Cardiovascular Evaluation and Blood Volume Restoration

The excessive CAs release and resultant hypertension can lead to significant changes in the cardiovascular system, such as vasoconstriction of the coronary arteries, increased arterial stiffness, arrythmias, and cardiomyopathy. Moreover, it was shown that normotensive patients with PPGL had similar perioperative hemodynamic instability to those with significant preoperative hypertension. Therefore, it is essential to perform cardiovascular evaluation for every patient with PPGL. The evaluation should include a thorough history, physical examination, complete laboratory tests, electrocardiogram (ECG), and echocardiography. An ECG may reveal pathologic findings such as nonspecific ST-T wave changes, arrythmias, and signs of left ventricular hypertrophy, which may be related to the CA-induced coronary artery vasoconstriction that obstructs myocardial blood flow. 

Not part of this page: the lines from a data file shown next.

(* Let $O$, $A$, $\mathcal A_O$ be as in the context, and let $\Omega=\{\omega_1,\dots,\omega_N\}\subseteq A^m$. Let $R$ be a matrix over $O$ whose rows generate the left submodule $\bigcap_{i=1}^N\ker(\kappa_{\omega_i})\subseteq O^{1\times m}$. Then $\{g\in\mathcal A_O^m:R\bullet g=0\}$ is the VMPUM of $\Omega$: it contains $\Omega$, and it is contained in $\{g\in\mathcal A_O^m:R'\bullet g=0\}$ for every matrix $R'\in O^{r'\times m}$ with $R'\bullet\omega_i=0$ for all $i$.
   Context: Let $K$ be a field, $A=K[t_1,\dots,t_n]$, and $O=A[\partial_1;\sigma_1,\delta_1]\cdots[\partial_s;\sigma_s,\delta_s]$ a left Noetherian Ore algebra (iterated Ore extension with commuting $\partial_i$, commuting $\sigma_i,\delta_j$, injective $K$-algebra endomorphisms $\sigma_i$ and $\sigma_i$-derivations $\delta_i$ preserving $A$, $\sigma_i(\partial_j)=\partial_j$, $\delta_i(\partial_j)=0$; multiplication via $\partial_ia=\sigma_i(a)\partial_i+\delta_i(a)$). $A$ is a left $O$-module via $\partial_i\bullet p=\delta_i(p)$, $a\bullet p=ap$. $\mathcal A_O$ is a $K$-vector space of functions with a left $O$-module structure containing $A$ as an $O$-submodule. For $R\in O^{r\times m}$, $(R\bullet g)_i=\sum_jR_{ij}\bullet g_j$. For $p\in A^m$, $\ker(\kappa_p)=\{o\in O^{1\times m}:\sum_io_i\bullet p_i=0\}$ (the kernel of $[o_1,\dots,o_m]\mapsto\sum_io_i[p_i]\in O/{}_O\langle\partial_1,\dots,\partial_s\rangle$). A behavior is a set $\{g\in\mathcal A_O^m:R\bullet g=0\}$; the VMPUM of $\Omega$ is a behavior containing $\Omega$ and contained in every behavior containing $\Omega$. *)

theory Defs
  imports Main
begin

text \<open>The Ore algebra O is a (not necessarily commutative) ring
  type 'o; the function space is a set F of elements of an additive group 'f,
  with a left O-action act (written o \<bullet> f in the paper); A is an O-submodule of F.
  Vectors of length m are functions nat \<Rightarrow> _ (only indices j < m matter / are nonzero),
  matrices with r rows are functions nat \<Rightarrow> nat \<Rightarrow> 'o (entries i < r, j < m).\<close>

definition left_module_on :: "('o::ring_1 \<Rightarrow> 'f::ab_group_add \<Rightarrow> 'f) \<Rightarrow> 'f set \<Rightarrow> bool" where
  "left_module_on act F \<longleftrightarrow>
     0 \<in> F \<and> (\<forall>f\<in>F. \<forall>g\<in>F. f + g \<in> F) \<and> (\<forall>f\<in>F. - f \<in> F) \<and>
     (\<forall>a f. f \<in> F \<longrightarrow> act a f \<in> F) \<and>
     (\<forall>a b f. f \<in> F \<longrightarrow> act (a + b) f = act a f + act b f) \<and>
     (\<forall>a f g. f \<in> F \<longrightarrow> g \<in> F \<longrightarrow> act a (f + g) = act a f + act a g) \<and>
     (\<forall>a b f. f \<in> F \<longrightarrow> act (a * b) f = act a (act b f)) \<and>
     (\<forall>f. f \<in> F \<longrightarrow> act 1 f = f)"

definition submodule_on :: "('o::ring_1 \<Rightarrow> 'f::ab_group_add \<Rightarrow> 'f) \<Rightarrow> 'f set \<Rightarrow> 'f set \<Rightarrow> bool" where
  "submodule_on act A F \<longleftrightarrow> A \<subseteq> F \<and> left_module_on act A"

definition rowvecs :: "nat \<Rightarrow> (nat \<Rightarrow> 'o::zero) set" where
  "rowvecs m = {v. \<forall>j\<ge>m. v j = 0}"

definition vecs_in :: "'f::zero set \<Rightarrow> nat \<Rightarrow> (nat \<Rightarrow> 'f) set" where
  "vecs_in S m = {g. (\<forall>j<m. g j \<in> S) \<and> (\<forall>j\<ge>m. g j = 0)}"

definition row_span :: "(nat \<Rightarrow> nat \<Rightarrow> 'o::ring_1) \<Rightarrow> nat \<Rightarrow> nat \<Rightarrow> (nat \<Rightarrow> 'o) set" where
  "row_span R r m = {v \<in> rowvecs m. \<exists>c. \<forall>j<m. v j = (\<Sum>k<r. c k * R k j)}"

definition kappa_ker :: "('o::ring_1 \<Rightarrow> 'f::ab_group_add \<Rightarrow> 'f) \<Rightarrow> nat \<Rightarrow> (nat \<Rightarrow> 'f) \<Rightarrow> (nat \<Rightarrow> 'o) set" where
  "kappa_ker act m p = {v \<in> rowvecs m. (\<Sum>j<m. act (v j) (p j)) = 0}"

definition behavior :: "('o::ring_1 \<Rightarrow> 'f::ab_group_add \<Rightarrow> 'f) \<Rightarrow> 'f set \<Rightarrow> nat \<Rightarrow>
    (nat \<Rightarrow> nat \<Rightarrow> 'o) \<Rightarrow> nat \<Rightarrow> (nat \<Rightarrow> 'f) set" where
  "behavior act F m R r = {g \<in> vecs_in F m. \<forall>i<r. (\<Sum>j<m. act (R i j) (g j)) = 0}"

definition is_behavior :: "('o::ring_1 \<Rightarrow> 'f::ab_group_add \<Rightarrow> 'f) \<Rightarrow> 'f set \<Rightarrow> nat \<Rightarrow>
    (nat \<Rightarrow> 'f) set \<Rightarrow> bool" where
  "is_behavior act F m B \<longleftrightarrow> (\<exists>R r. B = behavior act F m R r)"

definition is_VMPUM :: "('o::ring_1 \<Rightarrow> 'f::ab_group_add \<Rightarrow> 'f) \<Rightarrow> 'f set \<Rightarrow> nat \<Rightarrow>
    (nat \<Rightarrow> 'f) set \<Rightarrow> (nat \<Rightarrow> 'f) set \<Rightarrow> bool" where
  "is_VMPUM act F m B \<Omega> \<longleftrightarrow> is_behavior act F m B \<and> \<Omega> \<subseteq> B \<and>
     (\<forall>B'. is_behavior act F m B' \<and> \<Omega> \<subseteq> B' \<longrightarrow> B \<subseteq> B')"

end

theory Submission
  imports Defs
begin

(* Write B(R) for the behavior {g \<in> F^m. R \<bullet> g = 0}.
   The whole argument rests on one linear-algebra fact: if g \<in> B(R), then every
   row vector v in the left O-span of the rows of R also annihilates g, because
   v = \<Sum>k c_k R_k gives v \<bullet> g = \<Sum>k c_k \<bullet> (R_k \<bullet> g) = 0.  Consequently
   B(R) \<subseteq> B(R') as soon as every row of R' lies in the row span of R.
   For the theorem the row span of R is the intersection of the kernels of the
   maps kappa_{\<omega>_i}.  (1) Each row of R lies in its own span, so it annihilates
   every \<omega>_i, whence \<Omega> \<subseteq> B(R) (the \<omega>_i are in A^m \<subseteq> F^m).  (2) If R' annihilates
   all \<omega>_i, each row of R' lies in every kernel, hence in the span of R, so
   B(R) \<subseteq> B(R').  (3) Any behavior containing \<Omega> is some B(R') with R' annihilating
   \<Omega>, so (2) gives minimality, i.e. B(R) is the VMPUM. *)

lemma left_module_onD:
  assumes "left_module_on act F"
  shows left_module_on_zero: "0 \<in> F"
    and left_module_on_add: "f \<in> F \<Longrightarrow> g \<in> F \<Longrightarrow> f + g \<in> F"
    and left_module_on_act: "f \<in> F \<Longrightarrow> act a f \<in> F"
    and left_module_on_distrib_left: "f \<in> F \<Longrightarrow> act (a + b) f = act a f + act b f"
    and left_module_on_distrib_right:
      "f \<in> F \<Longrightarrow> g \<in> F \<Longrightarrow> act a (f + g) = act a f + act a g"
    and left_module_on_mult: "f \<in> F \<Longrightarrow> act (a * b) f = act a (act b f)"
  using assms unfolding left_module_on_def by simp_all

lemma act_zero_right:
  assumes "left_module_on act F"
  shows "act a 0 = 0"
proof -
  have "act a (0 + 0) = act a 0 + act a 0"
    using left_module_on_distrib_right[OF assms] left_module_on_zero[OF assms] by blast
  then show ?thesis by simp
qed

lemma act_zero_left:
  assumes "left_module_on act F" and "f \<in> F"
  shows "act 0 f = 0"
proof -
  have "act (0 + 0) f = act 0 f + act 0 f"
    using left_module_on_distrib_left[OF assms] .
  then show ?thesis by simp
qed

lemma act_sum_left:
  assumes "left_module_on act F" and "f \<in> F"
  shows "act (\<Sum>k\<in>K. c k) f = (\<Sum>k\<in>K. act (c k) f)"
proof (induction K rule: infinite_finite_induct)
  case (insert x K)
  then show ?case by (simp add: left_module_on_distrib_left[OF assms])
qed (simp_all add: act_zero_left[OF assms])

lemma sum_in_module:
  assumes "left_module_on act F" and "\<And>k. k \<in> K \<Longrightarrow> h k \<in> F"
  shows "(\<Sum>k\<in>K. h k) \<in> F"
  using assms(2)
proof (induction K rule: infinite_finite_induct)
  case (insert x K)
  then show ?case by (simp add: left_module_on_add[OF assms(1)])
qed (simp_all add: left_module_on_zero[OF assms(1)])

lemma act_sum_right:
  assumes "left_module_on act F" and "\<And>k. k \<in> K \<Longrightarrow> h k \<in> F"
  shows "act a (\<Sum>k\<in>K. h k) = (\<Sum>k\<in>K. act a (h k))"
  using assms(2)
proof (induction K rule: infinite_finite_induct)
  case (insert x K)
  have "sum h K \<in> F" using sum_in_module[OF assms(1)] insert.prems by blast
  then show ?case
    using insert by (simp add: left_module_on_distrib_right[OF assms(1)])
qed (simp_all add: act_zero_right[OF assms(1)])

lemma row_in_row_span:
  assumes "k < r"
  shows "(\<lambda>j. if j < m then R k j else 0) \<in> row_span R r m"
proof -
  have "(\<Sum>k'<r. (if k' = k then 1 else 0) * R k' j) = (\<Sum>k'<r. if k' = k then R k' j else 0)"
    for j by (rule sum.cong) auto
  then have "R k j = (\<Sum>k'<r. (if k' = k then 1 else 0) * R k' j)" for j
    using assms by simp
  then show ?thesis unfolding row_span_def rowvecs_def by auto
qed

text \<open>Central fact: a row vector in the left span of the rows of R annihilates every
  trajectory of the behavior of R, since v = \<Sum>k c_k R_k gives
  v \<bullet> g = \<Sum>k c_k \<bullet> (R_k \<bullet> g).\<close>
lemma row_span_annihilates_behavior:
  assumes M: "left_module_on act F"
    and v: "v \<in> row_span R r m"
    and g: "g \<in> behavior act F m R r"
  shows "(\<Sum>j<m. act (v j) (g j)) = 0"
proof -
  obtain c where c: "\<And>j. j < m \<Longrightarrow> v j = (\<Sum>k<r. c k * R k j)"
    using v unfolding row_span_def by blast
  have gF: "\<And>j. j < m \<Longrightarrow> g j \<in> F" and gR: "\<And>k. k < r \<Longrightarrow> (\<Sum>j<m. act (R k j) (g j)) = 0"
    using g unfolding behavior_def vecs_in_def by auto
  have "(\<Sum>j<m. act (v j) (g j)) = (\<Sum>j<m. \<Sum>k<r. act (c k) (act (R k j) (g j)))"
    using c gF by (simp add: act_sum_left[OF M] left_module_on_mult[OF M])
  also have "\<dots> = (\<Sum>k<r. \<Sum>j<m. act (c k) (act (R k j) (g j)))"
    by (rule sum.swap)
  also have "\<dots> = (\<Sum>k<r. act (c k) (\<Sum>j<m. act (R k j) (g j)))"
    using gF by (intro sum.cong refl act_sum_right[OF M, symmetric]) (simp add: left_module_on_act[OF M])
  also have "\<dots> = 0"
    using gR by (simp add: act_zero_right[OF M])
  finally show ?thesis .
qed

lemma behavior_subset_if_rows_in_span:
  assumes M: "left_module_on act F"
    and rows: "\<And>l. l < r' \<Longrightarrow> (\<lambda>j. if j < m then R' l j else 0) \<in> row_span R r m"
  shows "behavior act F m R r \<subseteq> behavior act F m R' r'"
proof
  fix g assume g: "g \<in> behavior act F m R r"
  have "(\<Sum>j<m. act (R' l j) (g j)) = 0" if "l < r'" for l
    using row_span_annihilates_behavior[OF M rows[OF that] g] by simp
  then show "g \<in> behavior act F m R' r'"
    using g unfolding behavior_def by blast
qed

lemma rows_in_kappa_kers:
  assumes "\<forall>i<N. \<forall>l<r'. (\<Sum>j<m. act (R' l j) (\<omega> i j)) = 0" and "l < r'"
  shows "(\<lambda>j. if j < m then R' l j else 0) \<in> rowvecs m \<inter> (\<Inter>i\<in>{..<N}. kappa_ker act m (\<omega> i))"
  using assms unfolding kappa_ker_def rowvecs_def by auto

theorem theorem4p5:
  fixes act :: "'o::ring_1 \<Rightarrow> 'f::ab_group_add \<Rightarrow> 'f"
    and F A :: "'f set"
    and m N r :: nat
    and \<omega> :: "nat \<Rightarrow> nat \<Rightarrow> 'f"
    and R :: "nat \<Rightarrow> nat \<Rightarrow> 'o"
  assumes "left_module_on act F"
    and "submodule_on act A F"
    and "\<forall>i<N. \<omega> i \<in> vecs_in A m"
    and "row_span R r m = rowvecs m \<inter> (\<Inter>i\<in>{..<N}. kappa_ker act m (\<omega> i))"
  shows "is_VMPUM act F m (behavior act F m R r) (\<omega> ` {..<N}) \<and>
         (\<forall>R' r'. (\<forall>i<N. \<forall>l<r'. (\<Sum>j<m. act (R' l j) (\<omega> i j)) = 0) \<longrightarrow>
            behavior act F m R r \<subseteq> behavior act F m R' r')"
proof -
  note M = assms(1) and span = assms(4)
  have minimal: "behavior act F m R r \<subseteq> behavior act F m R' r'"
    if annihilates: "\<forall>i<N. \<forall>l<r'. (\<Sum>j<m. act (R' l j) (\<omega> i j)) = 0" for R' r'
  proof (rule behavior_subset_if_rows_in_span[OF M])
    show "(\<lambda>j. if j < m then R' l j else 0) \<in> row_span R r m" if "l < r'" for l
      unfolding span using rows_in_kappa_kers[OF annihilates that] .
  qed
  have contains: "\<omega> ` {..<N} \<subseteq> behavior act F m R r"
  proof (rule image_subsetI)
    fix i assume i: "i \<in> {..<N}"
    have "\<omega> i \<in> vecs_in F m"
      using assms(2,3) i unfolding submodule_on_def vecs_in_def by auto
    moreover have "(\<Sum>j<m. act (R k j) (\<omega> i j)) = 0" if "k < r" for k
      using row_in_row_span[OF that, of m R] i unfolding span kappa_ker_def by auto
    ultimately show "\<omega> i \<in> behavior act F m R r" unfolding behavior_def by blast
  qed
  have "behavior act F m R r \<subseteq> B'"
    if B'_behavior: "is_behavior act F m B'" and \<Omega>: "\<omega> ` {..<N} \<subseteq> B'" for B'
  proof -
    obtain R' r' where B': "B' = behavior act F m R' r'"
      using B'_behavior unfolding is_behavior_def by blast
    have "\<forall>i<N. \<forall>l<r'. (\<Sum>j<m. act (R' l j) (\<omega> i j)) = 0"
      using \<Omega> unfolding B' behavior_def by auto
    then show ?thesis using minimal B' by blast
  qed
  then have "is_VMPUM act F m (behavior act F m R r) (\<omega> ` {..<N})"
    using contains unfolding is_VMPUM_def is_behavior_def by blast
  then show ?thesis using minimal by blast
qed

end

Management of Hypertensive Crisis

PPGL may cause potentially lethal hypertensive crisis due to the effects of the excessive released CAs. Hypertensive crisis is an acute, life-threatening situation associated with severe increase in blood pressure, requiring special attention. It is defined as a systolic blood pressure higher than 180 mmHg or a diastolic blood pressure higher than 120 mmHg, with or without acute target organ damage. Hypertensive crisis may develop as a consequence of postural changes, urination, emotional stress, and use of certain drugs which may provoke the release of Cas.

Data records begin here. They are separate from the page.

lemma convergent_inverse_K_Dprod_plus:
  fixes d :: "nat \<Rightarrow> nat"
  assumes K: "1 \<le> K" and d: "\<forall>n\<ge>1. 1 \<le> d n"
  shows "convergent (\<lambda>n. 1 / (real K * real (Dprod d n) + real (d n)))"
proof (cases "bdd_above (range (\<lambda>n. real (Dprod d n)))")
  case True
  then obtain B where "\<forall>n. real (Dprod d n) \<le> B"
    by (auto simp: bdd_above_def)
  then obtain l where l: "(\<lambda>n. real (Dprod d n)) \<longlonglongrightarrow> l"
    using incseq_convergent[OF incseq_Dprod[OF d]] by blast
  have "1 \<le> l"
    using LIMSEQ_le_const[OF l, of 1] Dprod_ge_1[OF d] by simp
  then have "0 < real K * l + 1"
    using zero_le_mult_iff[of "real K" l] by linarith
  then have "(\<lambda>n. 1 / (real K * real (Dprod d n) + real (d n))) \<longlonglongrightarrow> 1 / (real K * l + 1)"
    by (intro tendsto_intros l tendsto_1_if_Dprod_convergent[OF d l]) auto
  then show ?thesis
    unfolding convergent_def by blast
next
  case False
  have Dprod_lim: "filterlim (\<lambda>n. real (Dprod d n)) at_top sequentially"
    unfolding filterlim_at_top eventually_sequentially
  proof
    fix Z
    obtain n0 where n0: "Z < real (Dprod d n0)"
      using False unfolding bdd_above_def by (auto simp: not_le)
    have "Z \<le> real (Dprod d n)" if "n0 \<le> n" for n
      using n0 incseqD[OF incseq_Dprod[OF d] that] by linarith
    then show "\<exists>n0. \<forall>n\<ge>n0. Z \<le> real (Dprod d n)"
      by blast
  qed
  have Dprod_le: "real (Dprod d n) \<le> real K * real (Dprod d n) + real (d n)" for n
    using mult_right_mono[of 1 "real K" "real (Dprod d n)"] K by simp
  have "filterlim (\<lambda>n. real K * real (Dprod d n) + real (d n)) at_top sequentially"
    using Dprod_le by (intro filterlim_at_top_mono[OF Dprod_lim] always_eventually) blast
  then have "(\<lambda>n. 1 / (real K * real (Dprod d n) + real (d n))) \<longlonglongrightarrow> 0"
    using tendsto_inverse_0_at_top by (simp add: inverse_eq_divide)
  then show ?thesis
    unfolding convergent_def by blast
qed

section \<open>Convergence by stepwise descent\<close>

locale stepwise_descent =
  fixes s e :: "nat \<Rightarrow> real" and q R :: real and N0 :: nat and J :: "nat \<Rightarrow> nat"
  assumes s_nonneg: "0 \<le> s n"
    and e_nonneg: "0 \<le> e n"
    and e_Suc_le: "e (Suc n) \<le> q * e n"
    and q_nonneg: "0 \<le> q" and q_less_1: "q < 1"
    and R_ge_1: "1 \<le> R"
    and step_ge_1: "N0 \<le> N \<Longrightarrow> 1 \<le> J N"
    and step_bounded: "N0 \<le> N \<Longrightarrow> 1 \<le> r \<Longrightarrow> r \<le> J N \<Longrightarrow> s (N + r) \<le> R * (s N + e N)"
    and step_end: "N0 \<le> N \<Longrightarrow> s (N + J N) \<le> s N + e N"
    and long_step_end: "N0 \<le> N \<Longrightarrow> J N \<noteq> 1 \<Longrightarrow> s (N + J N) \<le> (s N + e N) / 4"
begin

In summary, preoperative management of PPGL, which includes hypertension control and improvement of blood volume, is crucial. The most common approach is to block the function of excessive plasma CAs, and α-AR antagonists are the first choice. Hypertension may be slightly better controlled by non-selective α-AR antagonist, phenoxybenzamine, for some patients, at the cost of higher risk of postoperative hypotension and other side effects. While selective α-AR antagonist, doxazosin, is proved to have much less adverse effects, but is more likely to be used in combination with additional antihypertensive drugs.